> What to do
At the line containing "1:] + Polynomial.order", begin retyping, and stop after the last line of the data; add nothing.

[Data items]
-*-

lemma orth_diagonalization_eigenvector:
  assumes od: "orth_diagonalization n A U D" and i: "i < n"
  shows "A *\<^sub>v (U *\<^sub>v unit_vec n i) = D $$ (i,i) \<cdot>\<^sub>v (U *\<^sub>v unit_vec n i)"
    and "transpose_mat U *\<^sub>v (U *\<^sub>v unit_vec n i) = unit_vec n i"
    and "U *\<^sub>v unit_vec n i \<noteq> 0\<^sub>v n"
proof -
  have U: "U \<in> carrier_mat n n" and D: "D \<in> carrier_mat n n" "diagonal_mat D"
    and UtU: "transpose_mat U * U = 1\<^sub>m n" and A: "A = U * D * transpose_mat U"
    using od unfolding orth_diagonalization_def by auto
  have e: "unit_vec n i \<in> carrier_vec n" by simp
  have Ut: "transpose_mat U \<in> carrier_mat n n" using U by simp
  show UtUe: "transpose_mat U *\<^sub>v (U *\<^sub>v unit_vec n i) = unit_vec n i"
    using assoc_mult_mat_vec[OF Ut U e] UtU by simp
  have De: "D *\<^sub>v unit_vec n i = D $$ (i,i) \<cdot>\<^sub>v unit_vec n i"
    using D i by (intro eq_vecI) (simp_all add: diagonal_mat_mult_vec[OF D] del: index_mult_mat_vec)
  have UD: "U * D \<in> carrier_mat n n" and Ue: "U *\<^sub>v unit_vec n i \<in> carrier_vec n"
    using U D by auto
  have "A *\<^sub>v (U *\<^sub>v unit_vec n i) = U *\<^sub>v (D *\<^sub>v (transpose_mat U *\<^sub>v (U *\<^sub>v unit_vec n i)))"
    unfolding A UtUe by (simp only: assoc_mult_mat_vec[OF UD Ut Ue] assoc_mult_mat_vec[OF U D(1) e] UtUe)
  then show "A *\<^sub>v (U *\<^sub>v unit_vec n i) = D $$ (i,i) \<cdot>\<^sub>v (U *\<^sub>v unit_vec n i)"
    unfolding UtUe De using U by (simp add: mult_mat_vec)
  show "U *\<^sub>v unit_vec n i \<noteq> 0\<^sub>v n"
  proof
    assume "U *\<^sub>v unit_vec n i = 0\<^sub>v n"
    moreover have "transpose_mat U *\<^sub>v 0\<^sub>v n = 0\<^sub>v n" using Ut by (intro eq_vecI) auto
    ultimately have "unit_vec n i = (0\<^sub>v n :: real vec)" using UtUe by simp
    then show False using i by (metis index_unit_vec(1) index_zero_vec(1) zero_neq_one)
  qed
qed

lemma orth_diagonalization_char_poly:
  assumes "orth_diagonalization n A U D"
  shows "char_poly A = (\<Prod>a\<leftarrow>diag_mat D. [:- a, 1:])"
proof -
  have U: "U \<in> carrier_mat n n" and D: "D \<in> carrier_mat n n" "diagonal_mat D"
    and "transpose_mat U * U = 1\<^sub>m n" "U * transpose_mat U = 1\<^sub>m n" and A: "A = U * D * transpose_mat U"
    using assms unfolding orth_diagonalization_def by auto
  then have "similar_mat A D"
    by (intro similar_matI[of A D U "transpose_mat U" n]) auto
  then have "char_poly A = char_poly D" by (rule char_poly_similar)
  also have "\<dots> = (\<Prod>a\<leftarrow>diag_mat D. [:- a, 1:])"
    using D by (intro char_poly_upper_triangular) (auto simp: upper_triangular_def diagonal_mat_def)
  finally show ?thesis .
qed

lemma orth_diagonalization_eigenvalue_iff:
  assumes od: "orth_diagonalization n A U D"
  shows "eigenvalue A e \<longleftrightarrow> (\<exists>i<n. e = D $$ (i,i))"
proof
  have A: "A \<in> carrier_mat n n" and D: "D \<in> carrier_mat n n"
    using od unfolding orth_diagonalization_def by auto
  assume "eigenvalue A e"
  then have "poly (\<Prod>a\<leftarrow>diag_mat D. [:- a, 1:]) e = 0"
    using eigenvalue_root_char_poly[OF A] orth_diagonalization_char_poly[OF od] by simp
  then show "\<exists>i<n. e = D $$ (i,i)"
    using D by (auto simp: poly_prod_list_zero_iff diag_mat_def)
next
  assume "\<exists>i<n. e = D $$ (i,i)"
  then obtain i where "i < n" "e = D $$ (i,i)" by blast
  moreover have "U \<in> carrier_mat n n" using od unfolding orth_diagonalization_def by simp
  ultimately have "eigenvector A (U *\<^sub>v unit_vec n i) e"
    using orth_diagonalization_eigenvector[OF od] orth_diagonalization_carrier[OF od]
    unfolding eigenvector_def by auto
  then show "eigenvalue A e" unfolding eigenvalue_def by blast
qed

lemma sum_unit_vec_square:
  fixes f :: "nat \<Rightarrow> real"
  assumes "i < n"
  shows "(\<Sum>k<n. f k * ((unit_vec n i :: real vec) $ k)\<^sup>2) = f i"
proof -
  have "(\<Sum>k<n. f k * ((unit_vec n i :: real vec) $ k)\<^sup>2) = (\<Sum>k<n. if k = i then f i else 0)"
    by (intro sum.cong refl) (auto simp: unit_vec_def)
  then show ?thesis using assms by simp
qed

lemma orth_diagonalization_psd_nonneg:
  assumes od: "orth_diagonalization n A U D" and psd: "psd_mat A" and i: "i < n"
  shows "0 \<le> D $$ (i,i)"
proof -
  have U: "U \<in> carrier_mat n n" and A: "A \<in> carrier_mat n n"
    using od unfolding orth_diagonalization_def by auto
  define y where "y = U *\<^sub>v unit_vec n i"
  have y: "y \<in> carrier_vec n" unfolding y_def using U by simp
  have "y \<bullet> (A *\<^sub>v y) = (\<Sum>k<n. D $$ (k,k) * ((transpose_mat U *\<^sub>v y) $ k)\<^sup>2)"
    by (rule orth_diagonalization_quadratic_forms(1)[OF od y])
  also have "\<dots> = D $$ (i,i)"
    unfolding y_def orth_diagonalization_eigenvector(2)[OF od i] by (rule sum_unit_vec_square[OF i])
  finally have "y \<bullet> (A *\<^sub>v y) = D $$ (i,i)" .
  then show ?thesis using psd y A unfolding psd_mat_def by force
qed

definition pos_eigenvalues :: "real mat \<Rightarrow> real set" where
  "pos_eigenvalues A = {e. eigenvalue A e \<and> e > 0}"

lemma finite_pos_eigenvalues:
  fixes A :: "real mat"
  assumes A: "A \<in> carrier_mat n n"
  shows "finite (pos_eigenvalues A)"
proof -
  have "char_poly A \<noteq> 0" using degree_monic_char_poly[OF A] by auto
  then have "finite {x. poly (char_poly A) x = 0}" by (rule poly_roots_finite)
  moreover have "pos_eigenvalues A \<subseteq> {x. poly (char_poly A) x = 0}"
    unfolding pos_eigenvalues_def using eigenvalue_root_char_poly[OF A] by auto
  ultimately show ?thesis by (rule finite_subset[rotated])
qed

lemma orth_diagonalization_pos_eigenvalues:
  assumes "orth_diagonalization n A U D"
  shows "pos_eigenvalues A = {D $$ (i,i) | i. i < n \<and> D $$ (i,i) > 0}"
  unfolding pos_eigenvalues_def orth_diagonalization_eigenvalue_iff[OF assms] by auto

lemma psd_pos_eigenvalues_nonempty:
  assumes A: "A \<in> carrier_mat n n" and psd: "psd_mat A" and nz: "A \<noteq> 0\<^sub>m n n"
  shows "pos_eigenvalues A \<noteq> {}"
proof
  assume empty: "pos_eigenvalues A = {}"
  obtain U D where od: "orth_diagonalization n A U D"
    using real_symmetric_orth_diagonalizable[OF A] psd unfolding psd_mat_def by blast
  then have D: "D \<in> carrier_mat n n" "diagonal_mat D" and A_eq: "A = U * D * transpose_mat U"
    and U: "U \<in> carrier_mat n n"
    unfolding orth_diagonalization_def by auto
  have "D $$ (i,i) = 0" if "i < n" for i
    using orth_diagonalization_psd_nonneg[OF od psd that] empty
    unfolding orth_diagonalization_pos_eigenvalues[OF od] using that by force
  then have "D = 0\<^sub>m n n" using D unfolding diagonal_mat_def by (intro eq_matI) auto
  then have "A = 0\<^sub>m n n" unfolding A_eq using U by simp
  with nz show False ..
qed

lemma psd_rayleigh_bounds:
  assumes A: "A \<in> carrier_mat n n" and psd: "psd_mat A" and ne: "pos_eigenvalues A \<noteq> {}"
    and y: "y \<in> carrier_vec n"
  shows "y \<bullet> (A *\<^sub>v y) \<le> Max (pos_eigenvalues A) * (y \<bullet> y)"
    and "Min (pos_eigenvalues A) * (y \<bullet> (A *\<^sub>v y)) \<le> (A *\<^sub>v y) \<bullet> (A *\<^sub>v y)"
proof -
  obtain U D where od: "orth_diagonalization n A U D"
    using real_symmetric_orth_diagonalizable[OF A] psd unfolding psd_mat_def by blast
  let ?\<Lambda> = "pos_eigenvalues A"
  have \<Lambda>: "?\<Lambda> = {D $$ (i,i) | i. i < n \<and> D $$ (i,i) > 0}"
    by (rule orth_diagonalization_pos_eigenvalues[OF od])
  have fin: "finite ?\<Lambda>" unfolding \<Lambda> by simp
  have nonneg: "0 \<le> D $$ (i,i)" if "i < n" for i
    by (rule orth_diagonalization_psd_nonneg[OF od psd that])
  have Min_pos: "0 < Min ?\<Lambda>" using fin ne unfolding \<Lambda> by auto
  have Min_le_Max: "Min ?\<Lambda> \<le> Max ?\<Lambda>" using fin ne by simp
  have le_Max: "D $$ (i,i) \<le> Max ?\<Lambda>" if "i < n" for i
    using fin nonneg[OF that] Min_pos Min_le_Max that unfolding \<Lambda>
    by (cases "D $$ (i,i) > 0") (auto intro: Max_ge)
  have ge_Min: "Min ?\<Lambda> * D $$ (i,i) \<le> (D $$ (i,i))\<^sup>2" if "i < n" for i
  proof (cases "D $$ (i,i) > 0")
    case True
    then have "Min ?\<Lambda> \<le> D $$ (i,i)" using fin that unfolding \<Lambda> by (auto intro: Min_le)
    then show ?thesis using True by (simp add: power2_eq_square mult_right_mono)
  qed (use nonneg[OF that] in simp)
  show "y \<bullet> (A *\<^sub>v y) \<le> Max ?\<Lambda> * (y \<bullet> y)"
    unfolding orth_diagonalization_quadratic_forms(1,3)[OF od y] sum_distrib_left
    by (intro sum_mono mult_right_mono) (auto simp: le_Max)
  show "Min ?\<Lambda> * (y \<bullet> (A *\<^sub>v y)) \<le> (A *\<^sub>v y) \<bullet> (A *\<^sub>v y)"
    unfolding orth_diagonalization_quadratic_forms(1,2)[OF od y] sum_distrib_left mult.assoc[symmetric]
    by (intro sum_mono mult_right_mono) (auto simp: ge_Min)
qed

lemma psd_mat_gram:
  fixes C :: "real mat"
  assumes C: "C \<in> carrier_mat m n"
  shows "psd_mat (transpose_mat C * C)"
  unfolding psd_mat_def
proof (intro conjI ballI)
  show "transpose_mat (transpose_mat C * C) = transpose_mat C * C"
    using C by (simp add: transpose_mult[of _ n m])
  fix v :: "real vec" assume "v \<in> carrier_vec (dim_row (transpose_mat C * C))"
  then have v: "v \<in> carrier_vec n" using C by simp
  show "0 \<le> v \<bullet> ((transpose_mat C * C) *\<^sub>v v)"
    unfolding scalar_prod_mult_mat_vec_self[OF C v, symmetric] by (rule scalar_prod_self_nonneg)
qed

lemma smult_mult_mat_vec:
  fixes A :: "'a :: comm_semiring_0 mat"
  assumes "A \<in> carrier_mat nr nc" "v \<in> carrier_vec nc"
  shows "(k \<cdot>\<^sub>m A) *\<^sub>v v = k \<cdot>\<^sub>v (A *\<^sub>v v)"
  using assms by (intro eq_vecI) (auto simp: scalar_prod_def sum_distrib_left mult.assoc)

lemma transpose_smult_mat: "transpose_mat (k \<cdot>\<^sub>m A) = k \<cdot>\<^sub>m transpose_mat A"
  by (rule eq_matI) auto

lemma psd_mat_smult:
  assumes psd: "psd_mat A" and c: "0 \<le> c"
  shows "psd_mat (c \<cdot>\<^sub>m A)"
  unfolding psd_mat_def
proof (intro conjI ballI)
  have A_sym: "transpose_mat A = A" and nonneg: "\<forall>v \<in> carrier_vec (dim_row A). 0 \<le> v \<bullet> (A *\<^sub>v v)"
    using psd unfolding psd_mat_def by auto
  show "transpose_mat (c \<cdot>\<^sub>m A) = c \<cdot>\<^sub>m A" unfolding transpose_smult_mat A_sym ..
  have "dim_col A = dim_row A" using index_transpose_mat(2)[of A] unfolding A_sym by (rule HOL.sym)
  then have A: "A \<in> carrier_mat (dim_row A) (dim_row A)" by (intro carrier_matI refl)
  fix v :: "real vec" assume "v \<in> carrier_vec (dim_row (c \<cdot>\<^sub>m A))"
  then have v: "v \<in> carrier_vec (dim_row A)" by (simp only: index_smult_mat(2))
  have "(c \<cdot>\<^sub>m A) *\<^sub>v v = c \<cdot>\<^sub>v (A *\<^sub>v v)" by (rule smult_mult_mat_vec[OF A v])
  moreover have "dim_vec v = dim_vec (A *\<^sub>v v)" using v by simp
  ultimately have "v \<bullet> ((c \<cdot>\<^sub>m A) *\<^sub>v v) = c * (v \<bullet> (A *\<^sub>v v))" by simp
  then show "0 \<le> v \<bullet> ((c \<cdot>\<^sub>m A) *\<^sub>v v)" using c nonneg v by simp
qed

section \<open>Nonzero singular values\<close>

lemma order_prod_linear_factors:
  fixes xs :: "real list"
  shows "Polynomial.order c (\<Prod>x\<leftarrow>xs. [:- x, 1:]) = count (mset xs) c"
proof (induction xs)
  case Nil
  then show ?case by (simp add: order_1_eq_0)
next
  case (Cons a xs)
  have "(\<Prod>x\<leftarrow>xs. [:- x, 1:]) \<noteq> (0 :: real poly)" by (auto simp: prod_list_zero_iff)
  then have "[:- a, 1:] * (\<Prod>x\<leftarrow>xs. [:- x, 1:]) \<noteq> 0" by (subst mult_eq_0_iff) simp
  then have "Polynomial.order c ([:- a, 1:] * (\<Prod>x\<leftarrow>xs. [:- x, 1:]))
      = Polynomial.order c [:- a, 1:] + Polynomial.order c (\<Prod>x\<leftarrow>xs. [:- x, 1:])"
    by (rule order_mult)
  then show ?case using Cons by (simp add: order_linear')
qed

-*-

> Result below
      = Polynomial.order c [:- a, 1:] + Polynomial.order c (\<Prod>x\<leftarrow>xs. [:- x, 1:])"
    by (rule order_mult)
  then show ?case using Cons by (simp add: order_linear')
qed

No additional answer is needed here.